Alternative Approaches to Microfluidic Systems Design, Construction and Operation
Professor David Beebe
Department of Biomedical Engineering
University of Wisconsin-Madison
Many approaches to the construction of microfluidic systems have appeared in the last few years including glass and silicon etching and bonding, laser machining, micromolding and others. None have emerged as a clear “winner.” Each has advantages and disadvantages for a given application. The cost of manufacturing for most approaches is still relatively expensive when compared to a more standard manufacturing method such as injection molding. Injection molding is of limited use for microfluidic applications due to limited resolution (although this is continually improving) and functionality (typically only passive, inflexible materials are used). Here we present an alternative approach to the design, construction and operation of microfluidic systems that we call µfluidic tectonics ( µFT) that compares to injection molding in cost, but allows for a wide variety of functionality. µFluidic Tectonics utilizes liquid phase photopolymerization and responsive materials to achieve elegant yet functional designs. The approach allows for the design, fabrication and operation of complete microfluidic devices within a few minutes. Ultra rapid microchannel fabrication is demonstrated. Filtering, flow control, readout and mixing components are demonstrated. Closed loop feedback control is demonstrated. µFluidic Tectonics provides a single construction platform that allows for the creation of a wide variety of microfluidic devices. The design flexibility combined with the ease of fabrication and low cost (similar to injection molding) enhances the microfluidic toolbox. Other microfluidic applications will be discussed including cell/embryo culture, surface driven pumping and evaporative sample concentration.

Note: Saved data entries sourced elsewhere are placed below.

(* Let $\sigma$ be a primitive substitution on $\mathcal{A}$. Let $f\in C(X_\sigma,\mathbb{Z})$ and suppose there is $k\in\mathbb{N}$ such that $f$ is constant on each atom of $\mathcal{P}_k$. For $n\ge k$ define $\phi_n\in\mathbb{R}^{\mathcal{L}_2(X_\sigma)}$ by $$\phi_n(ab)=\sum_{j=0}^{|\sigma^n(a)|-1} f|_{T^j\sigma^n([ab])}\quad(ab\in\mathcal{L}_2(X_\sigma)),$$ where $f|_A$ denotes the constant value of $f$ on the atom $A$. Let $d=|\mathcal{L}_2(X_\sigma)|$. If $f$ is a coboundary, then $\phi_n\in\beta(R_1(X_\sigma))$ for all $n\ge k+d$.
   Context: $\sigma$ is a primitive substitution (non-erasing morphism of $\mathcal{A}^*$ with some power of $M_\sigma$, $M_\sigma(a,b)=|\sigma(b)|_a$, positive); $X_\sigma$ is the set of $x\in\mathcal{A}^{\mathbb Z}$ all of whose finite factors are factors of some $\sigma^n(a)$; $T$ is the shift; $\mathcal{L}_n(X_\sigma)$ is the set of length-$n$ factors. For bi-infinite $y$, $\sigma(y)$ is the concatenation of the $\sigma(y_i)$ with $\sigma(y_0)$ starting at index $0$; $[w]=\{x\in X_\sigma: x_0\cdots x_{|w|-1}=w\}$ and $\sigma^n([ab])=\{\sigma^n(y):y\in[ab]\}$. For $n\in\mathbb N$, $\mathcal{P}_n=\{T^j\sigma^n([ab]): ab\in\mathcal{L}_2(X_\sigma),\ 0\le j<|\sigma^n(a)|\}$; this is a partition of $X_\sigma$ into clopen sets (atoms). $f\in C(X_\sigma,\mathbb{R})$ is a coboundary if $f=g\circ T-g$ for some $g\in C(X_\sigma,\mathbb{R})$. $R_1(X_\sigma)$ is the set of maps $\mathcal{A}\to\mathbb{R}$ (maps on $\mathcal{L}_1(X_\sigma)$), and $\beta:R_1(X_\sigma)\to\mathbb{R}^{\mathcal{L}_2(X_\sigma)}$ is $(\beta f)(ab)=f(b)-f(a)$. *)

theory Defs
  imports "HOL-Analysis.Analysis" "HOL-Library.Sublist"
begin

definition nonerasing :: "('a \<Rightarrow> 'a list) \<Rightarrow> bool" where
  "nonerasing \<sigma> \<longleftrightarrow> (\<forall>a. \<sigma> a \<noteq> [])"

definition substw :: "('a \<Rightarrow> 'a list) \<Rightarrow> 'a list \<Rightarrow> 'a list" where
  "substw \<sigma> w = concat (map \<sigma> w)"

definition substpow :: "('a \<Rightarrow> 'a list) \<Rightarrow> nat \<Rightarrow> 'a \<Rightarrow> 'a list" where
  "substpow \<sigma> n a = (substw \<sigma> ^^ n) [a]"

definition substmat :: "('a \<Rightarrow> 'a list) \<Rightarrow> 'a \<Rightarrow> 'a \<Rightarrow> nat" where
  "substmat \<sigma> a b = count_list (\<sigma> b) a"

fun matpow :: "('a::finite \<Rightarrow> 'a \<Rightarrow> nat) \<Rightarrow> nat \<Rightarrow> 'a \<Rightarrow> 'a \<Rightarrow> nat" where
  "matpow M 0 = (\<lambda>a b. if a = b then 1 else 0)"
| "matpow M (Suc n) = (\<lambda>a b. \<Sum>c\<in>UNIV. M a c * matpow M n c b)"

definition primitive :: "('a::finite \<Rightarrow> 'a list) \<Rightarrow> bool" where
  "primitive \<sigma> \<longleftrightarrow> nonerasing \<sigma> \<and> (\<exists>p>0. \<forall>a b. matpow (substmat \<sigma>) p a b > 0)"
(* Let $k$ be a positive integer and $Y$ a finite set. The algebra $\mathbf A=Y^{[k]}$ is strongly abelian (i.e., the full relation $A\times A$ is a strongly abelian congruence) and $c_{\mathbf A}(n)\le |Y|^{n^{1/k}}$ for every $n$.
   Context: Fix the signature consisting of a unary symbol $s$ and a $k$-ary symbol $d$. For a set $Y$, $Y^{[k]}$ is the algebra with universe $Y^k$ and operations $s((y_1,y_2,\dots,y_k))=(y_2,\dots,y_k,y_1)$ and $d((y^1_1,\dots,y^1_k),\dots,(y^k_1,\dots,y^k_k))=(y^1_1,y^2_2,\dots,y^k_k)$. For a finite algebra $\mathbf A$, $c_{\mathbf A}(n)$ is the maximum of $|\mathrm{Hom}(\mathbf X,\mathbf A)|$ over algebras $\mathbf X$ in the signature of $\mathbf A$ with at most $n$ elements. A congruence $\alpha$ of $\mathbf A$ is strongly abelian if for every $m\ge1$, every $m$-ary term operation $t$ of $\mathbf A$ and all $x_1,\dots,x_m,y_1,\dots,y_m,z_2,\dots,z_m\in A$ with $(x_i,y_i)\in\alpha$ for all $i$ and $(y_i,z_i)\in\alpha$ for $i\ge2$, $t(x_1,\dots,x_m)=t(y_1,\dots,y_m)$ implies $t(x_1,z_2,\dots,z_m)=t(y_1,z_2,\dots,z_m)$. *)

theory Defs
  imports Main "HOL-Library.FuncSet" Complex_Main
begin

text \<open>Algebras in the signature consisting of a unary symbol s and a k-ary symbol d.
  The k-ary operation takes its arguments as a function nat => 'a, of which only
  the positions 0..<k matter.\<close>

record 'a alg =
  carrier :: "'a set"
  s_op :: "'a \<Rightarrow> 'a"
  d_op :: "(nat \<Rightarrow> 'a) \<Rightarrow> 'a"

definition algebra :: "nat \<Rightarrow> 'a alg \<Rightarrow> bool" where
  "algebra k X \<longleftrightarrow>
     (\<forall>x\<in>carrier X. s_op X x \<in> carrier X) \<and>
     (\<forall>a. (\<forall>i<k. a i \<in> carrier X) \<longrightarrow> d_op X a \<in> carrier X) \<and>
     (\<forall>a b. (\<forall>i<k. a i = b i) \<longrightarrow> d_op X a = d_op X b)"

definition power_alg :: "nat \<Rightarrow> 'y set \<Rightarrow> (nat \<Rightarrow> 'y) alg" where
  "power_alg k Y = \<lparr> carrier = ({..<k} \<rightarrow>\<^sub>E Y),
     s_op = (\<lambda>y. \<lambda>i. if i < k then y ((i + 1) mod k) else undefined),
     d_op = (\<lambda>a. \<lambda>i. if i < k then a i i else undefined) \<rparr>"

definition hom :: "nat \<Rightarrow> 'a alg \<Rightarrow> 'b alg \<Rightarrow> ('a \<Rightarrow> 'b) set" where
  "hom k X A = {h. h \<in> carrier X \<rightarrow>\<^sub>E carrier A \<and>
     (\<forall>x\<in>carrier X. h (s_op X x) = s_op A (h x)) \<and>
     (\<forall>a. (\<forall>i<k. a i \<in> carrier X) \<longrightarrow> h (d_op X a) = d_op A (h \<circ> a))}"

text \<open>c_A(n): maximum of |Hom(X,A)| over (nonempty) algebras X with at most n elements.
  Up to isomorphism every such X has a carrier consisting of natural numbers.\<close>

definition c_fun :: "nat \<Rightarrow> 'b alg \<Rightarrow> nat \<Rightarrow> nat" where
  "c_fun k A n = Sup {card (hom k X A) | X :: nat alg.
      algebra k X \<and> carrier X \<noteq> {} \<and> finite (carrier X) \<and> card (carrier X) \<le> n}"

datatype trm = Var nat | S trm | D "trm list"

fun wf_trm :: "nat \<Rightarrow> nat \<Rightarrow> trm \<Rightarrow> bool" where
  "wf_trm k m (Var i) = (i < m)"
| "wf_trm k m (S t) = wf_trm k m t"
| "wf_trm k m (D ts) = (length ts = k \<and> (\<forall>t\<in>set ts. wf_trm k m t))"

fun eval :: "'a alg \<Rightarrow> (nat \<Rightarrow> 'a) \<Rightarrow> trm \<Rightarrow> 'a" where
  "eval A e (Var i) = e i"
| "eval A e (S t) = s_op A (eval A e t)"
| "eval A e (D ts) = (let vs = map (eval A e) ts in d_op A (\<lambda>i. vs ! i))"

definition congruence :: "nat \<Rightarrow> 'a alg \<Rightarrow> ('a \<times> 'a) set \<Rightarrow> bool" where
  "congruence k A \<alpha> \<longleftrightarrow> equiv (carrier A) \<alpha> \<and>
     (\<forall>x y. (x, y) \<in> \<alpha> \<longrightarrow> (s_op A x, s_op A y) \<in> \<alpha>) \<and>
     (\<forall>a b. (\<forall>i<k. (a i, b i) \<in> \<alpha>) \<longrightarrow> (d_op A a, d_op A b) \<in> \<alpha>)"

definition strongly_abelian :: "nat \<Rightarrow> 'a alg \<Rightarrow> ('a \<times> 'a) set \<Rightarrow> bool" where
  "strongly_abelian k A \<alpha> \<longleftrightarrow> congruence k A \<alpha> \<and>
     (\<forall>m t x y z. m \<ge> 1 \<longrightarrow> wf_trm k m t \<longrightarrow>
        (\<forall>i<m. x i \<in> carrier A \<and> y i \<in> carrier A \<and> z i \<in> carrier A) \<longrightarrow>
        (\<forall>i<m. (x i, y i) \<in> \<alpha>) \<longrightarrow>
        (\<forall>i. 1 \<le> i \<and> i < m \<longrightarrow> (y i, z i) \<in> \<alpha>) \<longrightarrow>
        eval A x t = eval A y t \<longrightarrow>
        eval A (\<lambda>i. if i = 0 then x 0 else z i) t = eval A (\<lambda>i. if i = 0 then y 0 else z i) t)"

end

theory Submission
  imports Defs
begin

(* Coordinate i of a term operation of Y^[k] is a single coordinate of a single argument, so
   strong abelianness is immediate.  For the bound, a homomorphism h : X \<rightarrow> Y^[k] is determined by
   x \<mapsto> h x 0, since h x i = h (s^i x) 0.  Grouping the elements of X by their "profile"
   h \<mapsto> h x 0 on Hom(X, Y^[k]) into c classes gives |Hom(X, Y^[k])| \<le> |Y|^c.  Conversely
   h (s^i (d(s^k y_0, s^(k-1) y_1, ..., s y_(k-1)))) 0 = h y_i 0, so x \<mapsto> (profile of s^i x)_(i<k)
   maps X onto the k-tuples of profiles and c^k \<le> |X|. *)

lemma carrier_power_alg: "carrier (power_alg k Y) = {..<k} \<rightarrow>\<^sub>E Y"
  by (simp add: power_alg_def)

lemma s_op_power_alg:
  "s_op (power_alg k Y) y = (\<lambda>i. if i < k then y ((i + 1) mod k) else undefined)"
  by (simp add: power_alg_def)

lemma d_op_power_alg: "d_op (power_alg k Y) a = (\<lambda>i. if i < k then a i i else undefined)"
  by (simp add: power_alg_def)

lemmas power_alg_simps = carrier_power_alg s_op_power_alg d_op_power_alg

lemma algebra_power_alg: "algebra k (power_alg k Y)"
  unfolding algebra_def power_alg_simps by (auto simp: PiE_iff extensional_def)

lemma congruence_full: "algebra k A \<Longrightarrow> congruence k A (carrier A \<times> carrier A)"
  unfolding congruence_def algebra_def by (simp add: equiv_def refl_on_def sym_def trans_def)

lemma eval_in_carrier:
  assumes "algebra k A" "wf_trm k m t" "\<And>i. i < m \<Longrightarrow> e i \<in> carrier A"
  shows "eval A e t \<in> carrier A"
  using assms(2)
proof (induction t)
  case (D ts)
  then show ?case
    using assms(1) unfolding algebra_def by (auto simp: Let_def)
qed (use assms in \<open>auto simp: algebra_def\<close>)

function coord_source :: "nat \<Rightarrow> trm \<Rightarrow> nat \<Rightarrow> nat \<times> nat" where
  "coord_source k (Var l) i = (l, i)"
| "coord_source k (S t) i = coord_source k t ((i + 1) mod k)"
| "coord_source k (D ts) i = (if i < length ts then coord_source k (ts ! i) i else (0, 0))"
  by pat_completeness auto
termination
  by (relation "measure (size \<circ> fst \<circ> snd)")
    (auto intro!: le_imp_less_Suc size_list_estimation'[OF nth_mem])

lemma eval_power_alg_coord:
  assumes "wf_trm k m t" "i < k"
  shows "eval (power_alg k Y) e t i = case_prod e (coord_source k t i)"
  using assms
proof (induction t arbitrary: i)
  case (D ts)
  then have "ts ! i \<in> set ts" by simp
  with D show ?case by (simp add: d_op_power_alg Let_def)
qed (simp_all add: s_op_power_alg)

lemma strongly_abelian_power_alg:
  "strongly_abelian k (power_alg k Y) (carrier (power_alg k Y) \<times> carrier (power_alg k Y))"
  unfolding strongly_abelian_def
proof (intro conjI allI impI)
  show "congruence k (power_alg k Y) (carrier (power_alg k Y) \<times> carrier (power_alg k Y))"
    by (rule congruence_full[OF algebra_power_alg])
next
  fix m t x y z
  assume "m \<ge> 1" and wf: "wf_trm k m t"
    and carrier: "\<forall>i<m. x i \<in> carrier (power_alg k Y) \<and> y i \<in> carrier (power_alg k Y)
      \<and> z i \<in> carrier (power_alg k Y)"
    and eq: "eval (power_alg k Y) x t = eval (power_alg k Y) y t"
  define x' where "x' = (\<lambda>i. if i = 0 then x 0 else z i)"
  define y' where "y' = (\<lambda>i. if i = 0 then y 0 else z i)"
  have coords_eq: "eval (power_alg k Y) x' t i = eval (power_alg k Y) y' t i" if "i < k" for i
  proof -
    obtain l j where "coord_source k t i = (l, j)" by fastforce
    then have coord: "eval (power_alg k Y) e t i = e l j" for e
      using eval_power_alg_coord[OF wf \<open>i < k\<close>] by simp
    have "x l j = y l j"
      using fun_cong[OF eq, of i] unfolding coord .
    then show ?thesis
      unfolding coord by (auto simp: x'_def y'_def)
  qed
  have x'_in: "eval (power_alg k Y) x' t \<in> carrier (power_alg k Y)"
    using carrier \<open>m \<ge> 1\<close> by (intro eval_in_carrier[OF algebra_power_alg wf]) (simp add: x'_def)
  have y'_in: "eval (power_alg k Y) y' t \<in> carrier (power_alg k Y)"
    using carrier \<open>m \<ge> 1\<close> by (intro eval_in_carrier[OF algebra_power_alg wf]) (simp add: y'_def)
  show "eval (power_alg k Y) x' t = eval (power_alg k Y) y' t"
    using x'_in y'_in unfolding carrier_power_alg by (rule PiE_ext) (simp add: coords_eq)
qed

lemma hom_in_PiE: "h \<in> hom k X A \<Longrightarrow> h \<in> carrier X \<rightarrow>\<^sub>E carrier A"
  by (simp add: hom_def)

lemma hom_in_carrier: "h \<in> hom k X A \<Longrightarrow> x \<in> carrier X \<Longrightarrow> h x \<in> carrier A"
  by (rule PiE_mem[OF hom_in_PiE])

lemma d_op_in_carrier:
  "algebra k X \<Longrightarrow> (\<And>i. i < k \<Longrightarrow> a i \<in> carrier X) \<Longrightarrow> d_op X a \<in> carrier X"
  by (simp add: algebra_def)

lemma funpow_s_op_in_carrier:
  "algebra k X \<Longrightarrow> x \<in> carrier X \<Longrightarrow> (s_op X ^^ j) x \<in> carrier X"
  by (induction j) (auto simp: algebra_def)

lemma hom_power_alg_funpow_s_op:
  assumes alg: "algebra k X" and h: "h \<in> hom k X (power_alg k Y)" and x: "x \<in> carrier X"
    and "i < k"
  shows "h ((s_op X ^^ j) x) i = h x ((i + j) mod k)"
  using \<open>i < k\<close>
proof (induction j arbitrary: i)
  case (Suc j)
  have "h ((s_op X ^^ Suc j) x) i = s_op (power_alg k Y) (h ((s_op X ^^ j) x)) i"
    using h funpow_s_op_in_carrier[OF alg x] by (simp add: hom_def)
  also have "\<dots> = h ((s_op X ^^ j) x) ((i + 1) mod k)"
    using Suc.prems by (simp add: s_op_power_alg)
  also have "\<dots> = h x (((i + 1) mod k + j) mod k)"
    using Suc by simp
  also have "\<dots> = h x ((i + Suc j) mod k)"
    by (simp add: mod_add_left_eq)
  finally show ?case .
qed simp

lemma hom_power_alg_coord_eq:
  assumes "algebra k X" "h \<in> hom k X (power_alg k Y)" "x \<in> carrier X" "i < k"
  shows "h x i = h ((s_op X ^^ i) x) 0"
  using hom_power_alg_funpow_s_op[OF assms(1-3), of 0 i] assms(4) by simp

lemma hom_power_alg_eqI:
  assumes alg: "algebra k X"
    and h: "h \<in> hom k X (power_alg k Y)" and h': "h' \<in> hom k X (power_alg k Y)"
    and coord0: "\<And>x. x \<in> carrier X \<Longrightarrow> h x 0 = h' x 0"
  shows "h = h'"
proof
  fix x
  show "h x = h' x"
  proof (cases "x \<in> carrier X")
    case True
    have coords_eq: "h x i = h' x i" if "i < k" for i
      using hom_power_alg_coord_eq[OF alg h True that] hom_power_alg_coord_eq[OF alg h' True that]
        coord0[OF funpow_s_op_in_carrier[OF alg True]]
      by simp
    have "h x \<in> {..<k} \<rightarrow>\<^sub>E Y" and "h' x \<in> {..<k} \<rightarrow>\<^sub>E Y"
      using hom_in_carrier[OF h True] hom_in_carrier[OF h' True] unfolding carrier_power_alg .
    then show ?thesis
      by (rule PiE_ext) (simp add: coords_eq)
  next
    case False
    then show ?thesis
      using PiE_arb[OF hom_in_PiE[OF h]] PiE_arb[OF hom_in_PiE[OF h']] by simp
  qed
qed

David J. Beebe is an Associate Professor in the Department of Biomedical Engineering at the University of Wisconsin-Madison with joint appointments in Electrical and Computer Engineering and Mechanical Engineering. From 1996 to 1999, he was an Assistant Professor in the Department of Electrical and Computer Engineering and an Assistant Research Professor in the Beckman Institute for Advanced Science and Technology at the University of Illinois at Urbana-Champaign. From 1994-1996, David was an Assistant Professor at Louisiana Tech University. He received the B.S. (1987), M.S. (1990) and Ph.D. (1994) in Electrical Engineering from the University of Wisconsin-Madison. David was an electrical engineer for Kimberly-Clark Corp. from 1987-1989 where he lead the packaging controls group. Dr. Beebe has over 120 publications. Dr. Beebe serves on the steering/program committees for the µTAS and Hilton Head conferences and he co-chairs the Annual IEEE EMBS Special Topic Conference on Microtechnology, Medicine and Biology. Dr. Beebe has served on many government advisory panels including the NRC’s National Nanotechnology Initiative review panel. Dr. Beebe is a co-founder of Vitae LLC that is commercializing microfluidic systems for assisted reproduction and consults for various companies in the biotech and microfluidics field. David has broad interests in biomedical instrumentation and the development and use of microfabricated devices for applications in medicine and for the study of biology. Current interests include technology development for the handling and analysis of biological objects, development of non-traditional autonomous micro fluidic devices and systems, the study of cell and embryo development in microenvironments, development of electrostatic and electrocutaneous haptic displays, and the development of tactile sensors. Prof. Beebe’s work has been supported by DARPA, NIH, NSF, ARO, ARL, ONR and the Whitaker Foundation.